Abstract
Objective:
Anaphylaxis is an acute, life-threatening, systemic hypersensitivity reaction. It is usually triggered by drugs, foods, and insect stings. The primary objective of our study is to determine the factors affecting drug-induced anaphylaxis to contribute to early diagnosis and treatment in these patients.
Methods:
Patients over 18 years old who were diagnosed drug-induced anaphylaxis in the Goztepe Hospital within a period of 1 year were evaluated prospectively. Patients demographical data, etiological factors, clinical findings, and treatment information were recorded.
Results:
Forty-four patients were enrolled in the study of which 25 (56.8%) were female. The median age of women and men was 54 (min: 22, max 82) and 44 (min 18, max 82), respectively. Twenty-three (52%) of them had a history of anaphylaxis. The most common causes of drug-induced anaphylaxis were antibiotics (36%) and nonsteroidal anti-inflammatory drugs (18%), respectively. Adrenaline was applied to 17 (38%) of the patients in the treatment.
Conclusion:
Antibiotics were the most common drugs causing drug-induced anaphylaxis and adrenaline was underused which is the first-line treatment in the anaphylaxis. Some clinicians refrain from administering adrenaline. The reasons underlying this approach should be investigated.

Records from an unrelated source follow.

(* Let $D_\sigma>0$, $k_\mathrm{d}\ge0$, $r_{\mathrm{R}}>0$, $r_{\mathrm{T}}>0$, $r_0>r_{\mathrm{T}}+r_{\mathrm{R}}$ and $w_\mathrm{e}>0$. For $r>r_{\mathrm{R}}$ let $$h_\mathrm{p}(t,r)=\frac{r_{\mathrm{R}}w_\mathrm{e}}{r}\left[\frac{1}{\sqrt{\pi D_\sigma t}}\exp\Big(-\frac{(r-r_{\mathrm{R}})^2}{4D_\sigma t}-k_\mathrm{d}t\Big)-\gamma(w_\mathrm{e})\exp\big(\gamma(w_\mathrm{e})(r-r_{\mathrm{R}})+\zeta(w_\mathrm{e})t\big)\mathrm{erfc}\Big(\frac{r-r_{\mathrm{R}}}{\sqrt{4D_\sigma t}}+\gamma(w_\mathrm{e})\sqrt{D_\sigma t}\Big)\right],$$ and define $$h_\mathrm{s}(t)=\frac{1}{2r_{\mathrm{T}}}\int_{-r_{\mathrm{T}}}^{r_{\mathrm{T}}}h_\mathrm{p}\Big(t,\sqrt{r_{\mathrm{T}}^2+r_0^2-2r_0x}\Big)\,\mathrm{d}x.$$ Then $$h_\mathrm{s}(t)=\frac{r_{\mathrm{R}}w_\mathrm{e}}{2r_{\mathrm{T}}r_0}\big[\xi_1(t,r_0-r_{\mathrm{T}}-r_{\mathrm{R}})-\xi_1(t,r_0+r_{\mathrm{T}}-r_{\mathrm{R}})\big],$$ where $\xi_1(t,z)=\exp\big(\gamma(w_\mathrm{e})z+\zeta(w_\mathrm{e})t\big)\,\mathrm{erfc}\Big(\varpi(w_\mathrm{e})\sqrt t+\frac{z}{\sqrt{4D_\sigma t}}\Big)$.
   Context: Notation: $\gamma(w)=\frac{wr_{\mathrm{R}}+D_\sigma}{D_\sigma r_{\mathrm{R}}}$, $\zeta(w)=\gamma(w)^2D_\sigma-k_\mathrm{d}$, $\varpi(w)=\gamma(w)\sqrt{D_\sigma}$. $h_\mathrm{p}(t,r)$ is the expected hitting rate at the (homogenized) receiver of radius $r_{\mathrm{R}}$ with effective reaction rate $w_\mathrm{e}$ for a point release at distance $r$ from its center; $h_\mathrm{s}(t)$ is the hitting rate when molecules are released uniformly at time 0 from a sphere of radius $r_{\mathrm{T}}$ whose center lies at distance $r_0$ from the receiver center. *)

theory Defs
  imports "HOL-Analysis.Analysis"
begin

definition erfc :: "real \<Rightarrow> real" where
  "erfc x = 2 / sqrt pi * integral {x..} (\<lambda>s. exp (- (s\<^sup>2)))"

definition gam :: "real \<Rightarrow> real \<Rightarrow> real \<Rightarrow> real" where
  "gam D rR w = (w * rR + D) / (D * rR)"

definition zeta :: "real \<Rightarrow> real \<Rightarrow> real \<Rightarrow> real \<Rightarrow> real" where
  "zeta D kd rR w = (gam D rR w)\<^sup>2 * D - kd"

definition varpi :: "real \<Rightarrow> real \<Rightarrow> real \<Rightarrow> real" where
  "varpi D rR w = gam D rR w * sqrt D"

definition hp :: "real \<Rightarrow> real \<Rightarrow> real \<Rightarrow> real \<Rightarrow> real \<Rightarrow> real \<Rightarrow> real" where
  "hp D kd rR we t r =
     rR * we / r *
     (1 / sqrt (pi * D * t) * exp (- ((r - rR)\<^sup>2) / (4 * D * t) - kd * t)
      - gam D rR we * exp (gam D rR we * (r - rR) + zeta D kd rR we * t)
        * erfc ((r - rR) / sqrt (4 * D * t) + gam D rR we * sqrt (D * t)))"

definition hs :: "real \<Rightarrow> real \<Rightarrow> real \<Rightarrow> real \<Rightarrow> real \<Rightarrow> real \<Rightarrow> real \<Rightarrow> real" where
  "hs D kd rR rT r0 we t =
     1 / (2 * rT) * integral {-rT..rT} (\<lambda>x. hp D kd rR we t (sqrt (rT\<^sup>2 + r0\<^sup>2 - 2 * r0 * x)))"

definition xi1 :: "real \<Rightarrow> real \<Rightarrow> real \<Rightarrow> real \<Rightarrow> real \<Rightarrow> real \<Rightarrow> real" where
  "xi1 D kd rR we t z =
     exp (gam D rR we * z + zeta D kd rR we * t)
     * erfc (varpi D rR we * sqrt t + z / sqrt (4 * D * t))"

end

theory Submission imports Defs
begin

text \<open>
  The distance r(x) = sqrt (rT^2 + r0^2 - 2 r0 x) from the receiver centre has derivative
  -r0 / r(x), so the Jacobian of the substitution x \<mapsto> r(x) cancels the factor 1/r of the
  point-release rate, and the spherical average becomes an ordinary integral of the bracket of hp
  over r \<in> [r0 - rT, r0 + rT]. Differentiating xi1 in z = r - rR, the derivative of erfc
  produces a Gaussian which, after completing the square in the exponent, is exactly the first
  term of that bracket; hence -xi1 is an antiderivative and the integral is a difference of xi1
  at the nearest and farthest distances.
\<close>

lemma gaussian_integrable_on_atLeast: "(\<lambda>s::real. exp (- (s\<^sup>2))) integrable_on {c..}"
proof (rule measurable_bounded_by_integrable_imp_integrable)
  show "(\<lambda>s::real. exp (- (s\<^sup>2))) \<in> borel_measurable (lebesgue_on {c..})"
    by (rule continuous_imp_measurable_on_sets_lebesgue) (auto intro!: continuous_intros)
  show "(\<lambda>s::real. exp 1 * exp (- 2 * s)) integrable_on {c..}"
    using integrable_on_cmult_left[OF integrable_on_exp_minus_to_infinity[of 2 c], of "exp 1"]
    by simp
  show "norm (exp (- (s\<^sup>2))) \<le> exp 1 * exp (- 2 * s)" for s :: real
  proof -
    have "- (s\<^sup>2) \<le> 1 - 2 * s"
      using zero_le_power2[of "s - 1"] by (simp add: power2_eq_square algebra_simps)
    then show ?thesis by (simp add: mult_exp_exp)
  qed
qed simp

lemma erfc_has_real_derivative:
  "(erfc has_real_derivative - 2 / sqrt pi * exp (- (x\<^sup>2))) (at x)"
proof -
  let ?f = "\<lambda>s::real. exp (- (s\<^sup>2))"
  define c where "c = x - 1"
  have erfc_eq: "erfc y = 2 / sqrt pi * (integral {c..} ?f - integral {c..y} ?f)"
    if "y \<in> {c<..}" for y
  proof -
    have "{c..} = {c..y} \<union> {y..}" and "{c..y} \<inter> {y..} = {y}"
      using that by auto
    moreover have "?f integrable_on {c..y}"
      by (intro integrable_continuous_interval continuous_intros)
    ultimately have "integral {c..} ?f = integral {c..y} ?f + integral {y..} ?f"
      using gaussian_integrable_on_atLeast[of y] by (metis integral_Un negligible_sing)
    then show ?thesis unfolding erfc_def by simp
  qed
  have "((\<lambda>y. integral {c..y} ?f) has_real_derivative ?f x) (at x within {c..x+1})"
    by (rule integral_has_real_derivative) (auto simp: c_def intro!: continuous_intros)
  moreover have "x \<in> interior {c..x+1}"
    by (simp add: c_def)
  ultimately have "((\<lambda>y. integral {c..y} ?f) has_real_derivative ?f x) (at x)"
    by (metis at_within_interior)
  then have "((\<lambda>y. 2 / sqrt pi * (integral {c..} ?f - integral {c..y} ?f))
      has_real_derivative 2 / sqrt pi * (0 - ?f x)) (at x)"
    by (intro DERIV_cmult DERIV_diff DERIV_const)
  then have "((\<lambda>y. 2 / sqrt pi * (integral {c..} ?f - integral {c..y} ?f))
      has_real_derivative - 2 / sqrt pi * ?f x) (at x)"
    by simp
  then show ?thesis
    by (rule has_field_derivative_transform_within_open[where S = "{c<..}"])
      (auto simp: c_def erfc_eq)
qed

definition hp_kernel :: "real \<Rightarrow> real \<Rightarrow> real \<Rightarrow> real \<Rightarrow> real \<Rightarrow> real \<Rightarrow> real" where
  "hp_kernel D kd rR we t z =
     1 / sqrt (pi * D * t) * exp (- (z\<^sup>2) / (4 * D * t) - kd * t)
     - gam D rR we * exp (gam D rR we * z + zeta D kd rR we * t)
       * erfc (z / sqrt (4 * D * t) + gam D rR we * sqrt (D * t))"

lemma hp_eq_hp_kernel: "hp D kd rR we t r = rR * we / r * hp_kernel D kd rR we t (r - rR)"
  by (simp add: hp_def hp_kernel_def)

lemma xi1_has_real_derivative:
  assumes "D > 0" and "t > 0"
  shows "(xi1 D kd rR we t has_real_derivative - hp_kernel D kd rR we t z) (at z)"
proof -
  define g where "g = gam D rR we"
  define q where "q = sqrt (D * t)"
  define e where "e = exp (g * z + zeta D kd rR we * t)"
  define u where "u = z / (2 * q) + g * q"
  have q: "q > 0" "q\<^sup>2 = D * t" "sqrt (4 * D * t) = 2 * q"
    using assms by (simp_all add: q_def real_sqrt_mult power_mult_distrib)
  have xi1_eq: "xi1 D kd rR we t =
      (\<lambda>z. exp (g * z + zeta D kd rR we * t) * erfc (z / (2 * q) + g * q))"
    by (simp add: fun_eq_iff xi1_def varpi_def g_def q(3) q_def real_sqrt_mult add.commute mult.assoc)
  have "((\<lambda>z. exp (g * z + zeta D kd rR we * t)) has_real_derivative e * g) (at z)"
    unfolding e_def by (auto intro!: derivative_eq_intros)
  moreover have "((\<lambda>z. z / (2 * q) + g * q) has_real_derivative 1 / (2 * q)) (at z)"
    using q(1) by (auto intro!: derivative_eq_intros)
  ultimately have "(xi1 D kd rR we t has_real_derivative
      e * g * erfc u + - 2 / sqrt pi * exp (- (u\<^sup>2)) * (1 / (2 * q)) * e) (at z)"
    unfolding xi1_eq u_def e_def by (intro DERIV_mult DERIV_chain2[OF erfc_has_real_derivative])
  moreover have "e * exp (- (u\<^sup>2)) = exp (- (z\<^sup>2) / (4 * D * t) - kd * t)"
  proof -
    \<comment> \<open>completing the square, using zeta = g^2 D - kd and q^2 = D t\<close>
    have "g * z + zeta D kd rR we * t - u\<^sup>2 = - (z\<^sup>2) / (4 * D * t) - kd * t"
    proof -
      have "t = q\<^sup>2 / D" using q(2) assms(1) by simp
      then show ?thesis
        unfolding u_def zeta_def g_def[symmetric] using q(1) assms(1)
        by (simp add: field_simps power2_eq_square)
    qed
    then show ?thesis by (simp add: e_def mult_exp_exp)
  qed
  moreover have "2 / sqrt pi * (1 / (2 * q)) = 1 / sqrt (pi * D * t)"
    using q(1) by (simp add: q_def real_sqrt_mult)
  ultimately show ?thesis
    unfolding hp_kernel_def g_def[symmetric] q_def[symmetric] q(3) u_def[symmetric] e_def[symmetric]
    by (simp add: algebra_simps)
qed

lemma sphere_distance_sq_bounds:
  fixes a r0 x :: real
  assumes "0 \<le> r0" and "x \<in> {-a..a}"
  shows "(r0 - a)\<^sup>2 \<le> a\<^sup>2 + r0\<^sup>2 - 2 * r0 * x" and "a\<^sup>2 + r0\<^sup>2 - 2 * r0 * x \<le> (r0 + a)\<^sup>2"
proof -
  have "2 * r0 * x \<le> 2 * r0 * a" "2 * r0 * (- a) \<le> 2 * r0 * x"
    using mult_left_mono[of x a "2 * r0"] mult_left_mono[of "- a" x "2 * r0"] assms
    by auto
  then show "(r0 - a)\<^sup>2 \<le> a\<^sup>2 + r0\<^sup>2 - 2 * r0 * x" "a\<^sup>2 + r0\<^sup>2 - 2 * r0 * x \<le> (r0 + a)\<^sup>2"
    unfolding power2_diff power2_sum by linarith+
qed

lemma has_integral_of_distance_on_sphere:
  fixes G g :: "real \<Rightarrow> real"
  assumes "0 \<le> a" and "a < r0"
    and G: "\<And>r. r0 - a \<le> r \<Longrightarrow> r \<le> r0 + a \<Longrightarrow> (G has_real_derivative g r) (at r)"
  shows "((\<lambda>x. g (sqrt (a\<^sup>2 + r0\<^sup>2 - 2 * r0 * x)) / sqrt (a\<^sup>2 + r0\<^sup>2 - 2 * r0 * x))
           has_integral (G (r0 + a) - G (r0 - a)) / r0) {-a..a}"
proof -
  define r where "r x = sqrt (a\<^sup>2 + r0\<^sup>2 - 2 * r0 * x)" for x
  have r_pos: "0 < (r0 - a)\<^sup>2" and "0 \<le> r0" using assms by simp_all
  note r_bounds = sphere_distance_sq_bounds[OF \<open>0 \<le> r0\<close>]
  have "a\<^sup>2 + r0\<^sup>2 - 2 * r0 * a = (r0 - a)\<^sup>2" "a\<^sup>2 + r0\<^sup>2 - 2 * r0 * (- a) = (r0 + a)\<^sup>2"
    by (simp_all add: power2_eq_square algebra_simps)
  then have r_ends: "r a = r0 - a" "r (- a) = r0 + a"
    using assms by (simp_all add: r_def)
  have Gr_derivative: "((G \<circ> r) has_vector_derivative g (r x) * (- r0 / r x)) (at x within {-a..a})"
    if x: "x \<in> {-a..a}" for x
  proof -
    have "r0 - a \<le> r x" "r x \<le> r0 + a"
      using assms real_sqrt_le_mono[OF r_bounds(1)[OF x]] real_sqrt_le_mono[OF r_bounds(2)[OF x]]
      by (simp_all add: r_def)
    then have "(G has_real_derivative g (r x)) (at (r x))"
      by (rule G)
    moreover have "(r has_real_derivative - r0 / r x) (at x)"
    proof -
      have "0 < a\<^sup>2 + r0\<^sup>2 - 2 * r0 * x"
        using r_pos r_bounds(1)[OF x] by linarith
      moreover have "((\<lambda>x. a\<^sup>2 + r0\<^sup>2 - 2 * r0 * x) has_real_derivative - 2 * r0) (at x)"
        by (auto intro!: derivative_eq_intros)
      ultimately have "(r has_real_derivative inverse (r x) / 2 * (- 2 * r0)) (at x)"
        unfolding r_def[abs_def] by (rule DERIV_chain2[OF DERIV_real_sqrt])
      then show ?thesis by (simp add: inverse_eq_divide)
    qed
    ultimately have "((G \<circ> r) has_real_derivative g (r x) * (- r0 / r x)) (at x)"
      by (rule DERIV_chain)
    then show ?thesis
      by (rule has_field_derivative_at_within[THEN has_real_derivative_iff_has_vector_derivative[THEN iffD1]])
  qed
  have "- a \<le> a" using assms by simp
  from fundamental_theorem_of_calculus[OF this Gr_derivative]
  have "((\<lambda>x. g (r x) * (- r0 / r x)) has_integral (G \<circ> r) a - (G \<circ> r) (- a)) {-a..a}" .
  then have "((\<lambda>x. - 1 / r0 * (g (r x) * (- r0 / r x))) has_integral
      - 1 / r0 * (G (r0 - a) - G (r0 + a))) {-a..a}"
    unfolding comp_def r_ends by (rule has_integral_mult_right)
  moreover have "(\<lambda>x. - 1 / r0 * (g (r x) * (- r0 / r x))) = (\<lambda>x. g (r x) / r x)"
    using assms by (auto simp: fun_eq_iff)
  moreover have "- 1 / r0 * (G (r0 - a) - G (r0 + a)) = (G (r0 + a) - G (r0 - a)) / r0"
    by (simp add: divide_simps)
  ultimately show ?thesis
    unfolding r_def by simp
qed

theorem lemma2:
  fixes D kd rR rT r0 we t :: real
  assumes "D > 0" and "kd \<ge> 0" and "rR > 0" and "rT > 0"
    and "r0 > rT + rR" and "we > 0" and "t > 0"
  shows "hs D kd rR rT r0 we t =
           rR * we / (2 * rT * r0) *
           (xi1 D kd rR we t (r0 - rT - rR) - xi1 D kd rR we t (r0 + rT - rR))"
proof -
  let ?G = "\<lambda>r. xi1 D kd rR we t (r - rR)"
  let ?g = "\<lambda>r. - hp_kernel D kd rR we t (r - rR)"
  have "(?G has_real_derivative ?g r) (at r)" for r
    using DERIV_chain2[OF xi1_has_real_derivative[OF assms(1,7)] DERIV_diff[OF DERIV_ident DERIV_const]]
    by simp
  then have "((\<lambda>x. ?g (sqrt (rT\<^sup>2 + r0\<^sup>2 - 2 * r0 * x)) / sqrt (rT\<^sup>2 + r0\<^sup>2 - 2 * r0 * x))
      has_integral (?G (r0 + rT) - ?G (r0 - rT)) / r0) {-rT..rT}"
    using assms by (intro has_integral_of_distance_on_sphere) auto
  from has_integral_mult_right[OF this, of "- (rR * we)"]
  have "integral {-rT..rT} (\<lambda>x. hp D kd rR we t (sqrt (rT\<^sup>2 + r0\<^sup>2 - 2 * r0 * x))) =
      - (rR * we) * ((?G (r0 + rT) - ?G (r0 - rT)) / r0)"
    by (simp add: hp_eq_hp_kernel integral_unique)
  then show ?thesis
    using assms by (simp add: hs_def field_simps)
qed

end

Keywords: Adrenaline, anaphylaxis, drug-induced anaphylaxis, emergency, Naranjo score
Anaphylaxis is an acute, severe, life-threatening systemic hypersensitivity reaction caused by mediators secreted from mast cells and basophils. It is often provoked by drugs. Although tissue mast cells and circulating basophils play a major role in anaphylaxis, eosinophils, monocytes/macrophages, and endothelial cells also play a role. With the effect of chemical mediators in anaphylaxis, an increase in vascular permeability, systemic venous dilatation, a decrease in myocardial contractility, contraction in vessels, bronchioles, gastrointestinal tract, uterine smooth muscles, migration of eosinophils and neutrophils, increase in platelet aggregation, and degranulation are observed [1, 2]. Various signs and symptoms from urticaria to shock can be observed in the clinic. The diagnosis is made with clinical criteria [2–4]. Mortality can be prevented by early diagnosis and treatment. The primary drug in treatment is adrenaline [3].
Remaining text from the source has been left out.